lemma two_card_blocks_through:
  assumes "p \<in> S"
  shows "2 * card (blocks_through p) = card S - 1"
proof -
  have partition: "S - {p} = (\<Union>B\<in>blocks_through p. B - {p})"
    using assms block_in_blocks blocks_subset unfolding blocks_through_def block_def by blast
  have disjoint: "(B - {p}) \<inter> (B' - {p}) = {}"
    if "B \<in> blocks_through p" "B' \<in> blocks_through p" "B \<noteq> B'" for B B'
    using that block_unique[of B p] block_unique[of B' p] by (auto simp: blocks_through_def)
  have "card (S - {p}) = (\<Sum>B\<in>blocks_through p. card (B - {p}))"
    unfolding partition
    by (rule card_UN_disjoint) (use finite_blocks finite_block disjoint in \<open>auto simp: blocks_through_def\<close>)
  also have "\<dots> = (\<Sum>B\<in>blocks_through p. 2)"
    by (rule sum.cong) (auto simp: blocks_through_def card_block finite_block)
  finally show ?thesis using assms finite_points by simp
qed

lemma card_blocks_through: "p \<in> S \<Longrightarrow> card (blocks_through p) = replication"
  using two_card_blocks_through unfolding replication_def by fastforce

lemma card_points: "S \<noteq> {} \<Longrightarrow> card S = 2 * replication + 1"
  using two_card_blocks_through card_blocks_through finite_points
  by (metis card_gt_0_iff equals0I Suc_pred' add.commute plus_1_eq_Suc)

lemma card_blocks: "6 * card blocks = card S * card S - card S"
proof -
  let ?pairs = "\<lambda>A. {(x, y). x \<in> A \<and> y \<in> A \<and> x \<noteq> y}"
  have partition: "?pairs S = (\<Union>B\<in>blocks. ?pairs B)"
    using block_in_blocks blocks_subset unfolding block_def by blast
  have "card (?pairs S) = (\<Sum>B\<in>blocks. card (?pairs B))"
    unfolding partition
  proof (rule card_UN_disjoint)
    show "\<forall>B\<in>blocks. finite (?pairs B)"
      using finite_block by (auto intro: finite_subset[of _ "_ \<times> _"])
  qed (use finite_blocks block_unique in blast)+
  also have "\<dots> = (\<Sum>B\<in>blocks. 6)"
    by (rule sum.cong) (simp_all add: card_distinct_pairs finite_block card_block)
  finally show ?thesis using card_distinct_pairs[OF finite_points] by simp
qed

end

section \<open>Commutative quasigroups\<close>

locale comm_quasigroup =
  fixes Q :: "'a set" and mult :: "'a \<Rightarrow> 'a \<Rightarrow> 'a"
  assumes finite_carrier: "finite Q"
    and mult_closed: "x \<in> Q \<Longrightarrow> y \<in> Q \<Longrightarrow> mult x y \<in> Q"
    and mult_commute: "x \<in> Q \<Longrightarrow> y \<in> Q \<Longrightarrow> mult x y = mult y x"
    and mult_left_cancel: "x \<in> Q \<Longrightarrow> y \<in> Q \<Longrightarrow> z \<in> Q \<Longrightarrow> mult x y = mult x z \<Longrightarrow> y = z"
begin

definition ldiv :: "'a \<Rightarrow> 'a \<Rightarrow> 'a" where
  "ldiv x w = the_inv_into Q (mult x) w"

lemma inj_on_mult: "x \<in> Q \<Longrightarrow> inj_on (mult x) Q"
  using mult_left_cancel by (meson inj_onI)

lemma image_mult: "x \<in> Q \<Longrightarrow> mult x ` Q = Q"
  using endo_inj_surj[OF finite_carrier _ inj_on_mult] mult_closed by blast

lemma ldiv_closed: "x \<in> Q \<Longrightarrow> w \<in> Q \<Longrightarrow> ldiv x w \<in> Q"
  unfolding ldiv_def by (rule the_inv_into_into) (simp_all add: inj_on_mult image_mult)

lemma mult_ldiv: "x \<in> Q \<Longrightarrow> w \<in> Q \<Longrightarrow> mult x (ldiv x w) = w"
  unfolding ldiv_def by (rule f_the_inv_into_f) (simp_all add: inj_on_mult image_mult)

lemma ldiv_mult: "x \<in> Q \<Longrightarrow> y \<in> Q \<Longrightarrow> ldiv x (mult x y) = y"
  unfolding ldiv_def by (rule the_inv_into_f_f) (simp_all add: inj_on_mult)

lemma ldiv_eq_iff: "x \<in> Q \<Longrightarrow> y \<in> Q \<Longrightarrow> w \<in> Q \<Longrightarrow> ldiv x w = y \<longleftrightarrow> mult x y = w"
  using mult_ldiv ldiv_mult by metis

lemma mult_left_cancel_iff: "x \<in> Q \<Longrightarrow> y \<in> Q \<Longrightarrow> z \<in> Q \<Longrightarrow> mult x y = mult x z \<longleftrightarrow> y = z"
  using mult_left_cancel by blast

lemma ldiv_ldiv: "x \<in> Q \<Longrightarrow> y \<in> Q \<Longrightarrow> ldiv (ldiv y x) x = y"
  by (metis ldiv_closed ldiv_eq_iff mult_commute mult_ldiv)

end

subsection \<open>Bose's construction\<close>

locale idempotent_comm_quasigroup = comm_quasigroup +
  assumes mult_idem: "x \<in> Q \<Longrightarrow> mult x x = x"
begin

lemma mult_eq_left_iff [simp]: "x \<in> Q \<Longrightarrow> y \<in> Q \<Longrightarrow> mult x y = x \<longleftrightarrow> y = x"
  and left_eq_mult_iff [simp]: "x \<in> Q \<Longrightarrow> y \<in> Q \<Longrightarrow> x = mult x y \<longleftrightarrow> y = x"
  using mult_left_cancel_iff[of x y x] mult_idem by auto

lemma ldiv_eq_left_iff [simp]: "x \<in> Q \<Longrightarrow> w \<in> Q \<Longrightarrow> ldiv x w = x \<longleftrightarrow> w = x"
  and left_eq_ldiv_iff [simp]: "x \<in> Q \<Longrightarrow> w \<in> Q \<Longrightarrow> x = ldiv x w \<longleftrightarrow> w = x"
  using ldiv_eq_iff[of x x w] mult_idem by auto

lemma ldiv_eq_right_iff [simp]: "x \<in> Q \<Longrightarrow> y \<in> Q \<Longrightarrow> ldiv y x = x \<longleftrightarrow> y = x"
  and right_eq_ldiv_iff [simp]: "x \<in> Q \<Longrightarrow> y \<in> Q \<Longrightarrow> x = ldiv y x \<longleftrightarrow> y = x"
  using ldiv_eq_iff[of y x x] mult_commute by auto

text \<open>The points are the pairs \<open>(x, i)\<close> with \<open>i < 3\<close>; the blocks are \<open>{(x, 0), (x, 1), (x, 2)}\<close>
  and \<open>{(x, i), (y, i), (x \<cdot> y, i + 1)}\<close> for \<open>x \<noteq> y\<close>, indices taken modulo 3.\<close>

definition bose_third :: "'a \<times> nat \<Rightarrow> 'a \<times> nat \<Rightarrow> 'a \<times> nat" where
  "bose_third = (\<lambda>(x, i) (y, j).
     if i = j then (mult x y, (i + 1) mod 3)
     else if x = y then (x, 3 - i - j)
     else if j = (i + 1) mod 3 then (ldiv x y, i)
     else (ldiv y x, j))"

theorem steiner_triple_system_bose: "steiner_triple_system (Q \<times> {0::nat, 1, 2}) bose_third"
proof
  fix a b assume "a \<in> Q \<times> {0::nat, 1, 2}" "b \<in> Q \<times> {0, 1, 2}" "a \<noteq> b"
  moreover obtain x i y j where "a = (x, i)" "b = (y, j)" by fastforce
  ultimately have ab: "a = (x, i)" "b = (y, j)" "x \<in> Q" "y \<in> Q" "i \<in> {0, 1, 2}" "j \<in> {0, 1, 2}"
    by simp_all
  show "bose_third a b \<in> Q \<times> {0, 1, 2}"
    using ab(3-6) unfolding ab(1,2) bose_third_def
    by (simp add: mult_closed ldiv_closed) (elim disjE; simp)
  show "bose_third a b \<noteq> a"
    using ab(3-6) \<open>a \<noteq> b\<close> unfolding ab(1,2) bose_third_def
    by (simp add: mult_closed ldiv_closed) (elim disjE; simp)
  show "bose_third a b = bose_third b a"
    using ab(3-6) unfolding ab(1,2) bose_third_def
    by (simp add: mult_commute) (elim disjE; simp)
  show "bose_third a (bose_third a b) = b"
    using ab(3-6) \<open>a \<noteq> b\<close> unfolding ab(1,2) bose_third_def
    by (simp add: mult_closed ldiv_closed ldiv_mult mult_ldiv ldiv_ldiv) (elim disjE; simp)
qed (use finite_carrier in simp)

end

text \<open>For odd \<open>m\<close>, \<open>(m + 1) div 2\<close> is the inverse of 2 modulo \<open>m\<close>, so this is \<open>(x + y) / 2\<close> in \<open>\<int>/m\<close>.\<close>

definition midpoint_mod :: "nat \<Rightarrow> nat \<Rightarrow> nat \<Rightarrow> nat" where
  "midpoint_mod m x y = (x + y) * ((m + 1) div 2) mod m"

◇ ◇ ◇ ◇

TASK TO COMPLETE
What number of lines in the records contain the word "dots"? Answer with that number alone.

RESPONSE FOR THIS EXERCISE
2